- SOURCE RECORDS -
lemma in_span_reduced_mon:
  assumes "a \<in> reduced_exps N"
  shows "in_span (\<lambda>q J. mon_eval N a q)"
  unfolding in_span_def
proof (rule exI[of _ "\<lambda>b. if b = a then 1 else 0"], intro allI impI)
  fix q J
  have "(\<Sum>b\<in>reduced_exps N. poly (if b = a then 1 else 0) J * mon_eval N b q)
      = (\<Sum>b\<in>reduced_exps N. if b = a then mon_eval N a q else 0)"
    by (intro sum.cong) auto
  then show "mon_eval N a q = (\<Sum>b\<in>reduced_exps N. poly (if b = a then 1 else 0) J * mon_eval N b q)"
    using assms finite_reduced_exps by simp
qed

text \<open>Induction on the total degree: an exponent \<open>\<ge> 3\<close> is lowered by \<open>cube_eq\<close>,
  which trades \<open>q\<^sub>i\<^sup>3\<close> for terms of degree one.\<close>

lemma in_span_mon: "a \<in> exps N \<Longrightarrow> in_span (\<lambda>q J. mon_eval N a q)"
proof (induction "\<Sum>k<N. a k" arbitrary: a rule: less_induct)
  case less
  show ?case
  proof (cases "\<forall>i<N. a i \<le> 2")
    case True
    have "a i \<le> 2" for i using True less.prems by (cases "i < N") (auto simp: exps_def)
    with less.prems have "a \<in> reduced_exps N" by (simp add: reduced_exps_def)
    then show ?thesis by (rule in_span_reduced_mon)
  next
    case False
    then obtain i where i: "i < N" "3 \<le> a i" by auto
    define a' where "a' = a(i := a i - 3)"
    have a: "a = a'(i := a' i + 3)" using i(2) by (auto simp: a'_def)
    have deg: "(\<Sum>k<N. a' k) + a i = (\<Sum>k<N. a k) + (a i - 3)"
      unfolding a'_def using i(1) by (rule sum_exp_upd)
    have lower: "in_span (\<lambda>q J. mon_eval N (a'(j := Suc (a' j))) q)" if "j < N" for j
    proof (rule less.hyps)
      show "(\<Sum>k<N. (a'(j := Suc (a' j))) k) < (\<Sum>k<N. a k)"
        using sum_exp_upd[OF that, of a' "Suc (a' j)"] deg i(2) by linarith
      show "a'(j := Suc (a' j)) \<in> exps N" using that less.prems by (simp add: exps_def a'_def)
    qed
    show ?thesis
    proof (rule in_span_cong)
      show "in_span (\<lambda>q J. \<Sum>j<N. poly (p i j) J * mon_eval N (a'(j := Suc (a' j))) q)"
        by (intro in_span_sum in_span_scale lower) auto
      fix q J assume "crit q J"
      have "mon_eval N a q = mon_eval N a' q * q i ^ 3" using mon_eval_add_exp[OF i(1)] a by metis
      also have "\<dots> = (\<Sum>j<N. poly (p i j) J * (mon_eval N a' q * q j))"
        by (simp add: cube_eq[OF \<open>crit q J\<close> i(1)] sum_distrib_left mult_ac)
      also have "\<dots> = (\<Sum>j<N. poly (p i j) J * mon_eval N (a'(j := Suc (a' j))) q)"
        by (intro sum.cong refl) (simp add: mon_eval_Suc_exp)
      finally show "mon_eval N a q = (\<Sum>j<N. poly (p i j) J * mon_eval N (a'(j := Suc (a' j))) q)" .
    qed
  qed
qed

lemma multiplier_in_span:
  assumes f: "multiplier f" and "in_span h"
  shows "in_span (\<lambda>q J. f q J * h q J)"
proof -
  obtain c where c: "\<forall>q J. crit q J \<longrightarrow> h q J = (\<Sum>b\<in>reduced_exps N. poly (c b) J * mon_eval N b q)"
    using \<open>in_span h\<close> unfolding in_span_def by blast
  have "in_span (\<lambda>q J. \<Sum>b\<in>reduced_exps N. poly (c b) J * (f q J * mon_eval N b q))"
    using f finite_reduced_exps
    by (intro in_span_sum in_span_scale) (auto simp: multiplier_def reduced_exps_def)
  then show ?thesis
    by (rule in_span_cong) (simp add: c sum_distrib_left mult_ac)
qed

lemma multiplier_poly: "multiplier (\<lambda>q J. poly c J)"
  unfolding multiplier_def
proof
  fix a assume "a \<in> exps N"
  then show "in_span (\<lambda>q J. poly c J * mon_eval N a q)" by (intro in_span_scale in_span_mon)
qed

lemma multiplier_var:
  assumes "k < N"
  shows "multiplier (\<lambda>q J. q k)"
  unfolding multiplier_def
proof
  fix a assume "a \<in> exps N"
  then have "in_span (\<lambda>q J. mon_eval N (a(k := Suc (a k))) q)"
    using assms by (intro in_span_mon) (auto simp: exps_def)
  then show "in_span (\<lambda>q J. q k * mon_eval N a q)"
    by (simp add: mon_eval_Suc_exp[OF assms] mult.commute)
qed

lemma multiplier_add:
  assumes "multiplier f" "multiplier g"
  shows "multiplier (\<lambda>q J. f q J + g q J)"
  unfolding multiplier_def
proof
  fix a assume "a \<in> exps N"
  with assms have "in_span (\<lambda>q J. f q J * mon_eval N a q + g q J * mon_eval N a q)"
    unfolding multiplier_def by (intro in_span_add) auto
  then show "in_span (\<lambda>q J. (f q J + g q J) * mon_eval N a q)" by (simp add: distrib_right)
qed

lemma multiplier_mult:
  assumes f: "multiplier f" and g: "multiplier g"
  shows "multiplier (\<lambda>q J. f q J * g q J)"
  unfolding multiplier_def
proof
  fix a assume "a \<in> exps N"
  with g have "in_span (\<lambda>q J. g q J * mon_eval N a q)" unfolding multiplier_def by blast
  from multiplier_in_span[OF f this]
  show "in_span (\<lambda>q J. f q J * g q J * mon_eval N a q)" by (simp add: mult.assoc)
qed

lemma multiplier_const: "multiplier (\<lambda>q J. c)"
  using multiplier_poly[of "[:c:]"] by simp

lemma multiplier_param: "multiplier (\<lambda>q J. J)"
  using multiplier_poly[of "[:0, 1:]"] by simp

lemma multiplier_diff:
  assumes "multiplier f" "multiplier g"
  shows "multiplier (\<lambda>q J. f q J - g q J)"
proof -
  have "multiplier (\<lambda>q J. f q J + (-1) * g q J)"
    using assms by (intro multiplier_add multiplier_mult multiplier_const)
  then show ?thesis by simp
qed

lemma multiplier_divide:
  assumes "multiplier f"
  shows "multiplier (\<lambda>q J. f q J / c)"
proof -
  have "multiplier (\<lambda>q J. f q J * (1 / c))"
    using assms by (intro multiplier_mult multiplier_const)
  then show ?thesis by simp
qed

lemma multiplier_power: "multiplier f \<Longrightarrow> multiplier (\<lambda>q J. f q J ^ n)"
  by (induction n) (auto intro: multiplier_mult multiplier_const)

- ACTIVITY -
Write each entry out again. Do not change a word.

- EXERCISE RESPONSE -
lemma in_span_reduced_mon:
  assumes "a \<in> reduced_exps N"
  shows "in_span (\<lambda>q J. mon_eval N a q)"
  unfolding in_span_def
proof (rule exI[of _ "\<lambda>b. if b = a then 1 else 0"], intro allI impI)
  fix q J
  have "(\<Sum>b\<in>reduced_exps N. poly (if b = a then 1 else 0) J * mon_eval N b q)
      = (\<Sum>b\<in>reduced_exps N. if b = a then mon_eval N a q else 0)"
    by (intro sum.cong) auto
  then show "mon_eval N a q = (\<Sum>b\<in>reduced_exps N. poly (if b = a then 1 else 0) J * mon_eval N b q)"
    using assms finite_reduced_exps by simp
qed

text \<open>Induction on the total degree: an exponent \<open>\<ge> 3\<close> is lowered by \<open>cube_eq\<close>,
  which trades \<open>q\<^sub>i\<^sup>3\<close> for terms of degree one.\<close>

lemma in_span_mon: "a \<in> exps N \<Longrightarrow> in_span (\<lambda>q J. mon_eval N a q)"
proof (induction "\<Sum>k<N. a k" arbitrary: a rule: less_induct)
  case less
  show ?case
  proof (cases "\<forall>i<N. a i \<le> 2")
    case True
    have "a i \<le> 2" for i using True less.prems by (cases "i < N") (auto simp: exps_def)
    with less.prems have "a \<in> reduced_exps N" by (simp add: reduced_exps_def)
    then show ?thesis by (rule in_span_reduced_mon)
  next
    case False
    then obtain i where i: "i < N" "3 \<le> a i" by auto
    define a' where "a' = a(i := a i - 3)"
    have a: "a = a'(i := a' i + 3)" using i(2) by (auto simp: a'_def)
    have deg: "(\<Sum>k<N. a' k) + a i = (\<Sum>k<N. a k) + (a i - 3)"
      unfolding a'_def using i(1) by (rule sum_exp_upd)
    have lower: "in_span (\<lambda>q J. mon_eval N (a'(j := Suc (a' j))) q)" if "j < N" for j
    proof (rule less.hyps)
      show "(\<Sum>k<N. (a'(j := Suc (a' j))) k) < (\<Sum>k<N. a k)"
        using sum_exp_upd[OF that, of a' "Suc (a' j)"] deg i(2) by linarith
      show "a'(j := Suc (a' j)) \<in> exps N" using that less.prems by (simp add: exps_def a'_def)
    qed
    show ?thesis
    proof (rule in_span_cong)
      show "in_span (\<lambda>q J. \<Sum>j<N. poly (p i j) J * mon_eval N (a'(j := Suc (a' j))) q)"
        by (intro in_span_sum in_span_scale lower) auto
      fix q J assume "crit q J"
      have "mon_eval N a q = mon_eval N a' q * q i ^ 3" using mon_eval_add_exp[OF i(1)] a by metis
      also have "\<dots> = (\<Sum>j<N. poly (p i j) J * (mon_eval N a' q * q j))"
        by (simp add: cube_eq[OF \<open>crit q J\<close> i(1)] sum_distrib_left mult_ac)
      also have "\<dots> = (\<Sum>j<N. poly (p i j) J * mon_eval N (a'(j := Suc (a' j))) q)"
        by (intro sum.cong refl) (simp add: mon_eval_Suc_exp)
      finally show "mon_eval N a q = (\<Sum>j<N. poly (p i j) J * mon_eval N (a'(j := Suc (a' j))) q)" .
    qed
  qed
qed

lemma multiplier_in_span:
  assumes f: "multiplier f" and "in_span h"
  shows "in_span (\<lambda>q J. f q J * h q J)"
proof -
  obtain c where c: "\<forall>q J. crit q J \<longrightarrow> h q J = (\<Sum>b\<in>reduced_exps N. poly (c b) J * mon_eval N b q)"
    using \<open>in_span h\<close> unfolding in_span_def by blast
  have "in_span (\<lambda>q J. \<Sum>b\<in>reduced_exps N. poly (c b) J * (f q J * mon_eval N b q))"
    using f finite_reduced_exps
    by (intro in_span_sum in_span_scale) (auto simp: multiplier_def reduced_exps_def)
  then show ?thesis
    by (rule in_span_cong) (simp add: c sum_distrib_left mult_ac)
qed

lemma multiplier_poly: "multiplier (\<lambda>q J. poly c J)"
  unfolding multiplier_def
proof
  fix a assume "a \<in> exps N"
  then show "in_span (\<lambda>q J. poly c J * mon_eval N a q)" by (intro in_span_scale in_span_mon)
qed

lemma multiplier_var:
  assumes "k < N"
  shows "multiplier (\<lambda>q J. q k)"
  unfolding multiplier_def
proof
  fix a assume "a \<in> exps N"
  then have "in_span (\<lambda>q J. mon_eval N (a(k := Suc (a k))) q)"
    using assms by (intro in_span_mon) (auto simp: exps_def)
  then show "in_span (\<lambda>q J. q k * mon_eval N a q)"
    by (simp add: mon_eval_Suc_exp[OF assms] mult.commute)
qed

lemma multiplier_add:
  assumes "multiplier f" "multiplier g"
  shows "multiplier (\<lambda>q J. f q J + g q J)"
  unfolding multiplier_def
proof
  fix a assume "a \<in> exps N"
  with assms have "in_span (\<lambda>q J. f q J * mon_eval N a q + g q J * mon_eval N a q)"
    unfolding multiplier_def by (intro in_span_add) auto
  then show "in_span (\<lambda>q J. (f q J + g q J) * mon_eval N a q)" by (simp add: distrib_right)
qed

lemma multiplier_mult:
  assumes f: "multiplier f" and g: "multiplier g"
  shows "multiplier (\<lambda>q J. f q J * g q J)"
  unfolding multiplier_def
proof
  fix a assume "a \<in> exps N"
  with g have "in_span (\<lambda>q J. g q J * mon_eval N a q)" unfolding multiplier_def by blast
  from multiplier_in_span[OF f this]
  show "in_span (\<lambda>q J. f q J * g q J * mon_eval N a q)" by (simp add: mult.assoc)
qed

lemma multiplier_const: "multiplier (\<lambda>q J. c)"
  using multiplier_poly[of "[:c:]"] by simp

lemma multiplier_param: "multiplier (\<lambda>q J. J)"
  using multiplier_poly[of "[:0, 1:]"] by simp

lemma multiplier_diff:
  assumes "multiplier f" "multiplier g"
  shows "multiplier (\<lambda>q J. f q J - g q J)"
proof -
  have "multiplier (\<lambda>q J. f q J + (-1) * g q J)"
    using assms by (intro multiplier_add multiplier_mult multiplier_const)
  then show ?thesis by simp
qed

lemma multiplier_divide:
  assumes "multiplier f"
  shows "multiplier (\<lambda>q J. f q J / c)"
proof -
  have "multiplier (\<lambda>q J. f q J * (1 / c))"
    using assms by (intro multiplier_mult multiplier_const)
  then show ?thesis by simp
qed

lemma multiplier_power: "multiplier f \<Longrightarrow> multiplier (\<lambda>q J. f q J ^ n)"
  by (induction n) (auto intro: multiplier_mult multiplier_const)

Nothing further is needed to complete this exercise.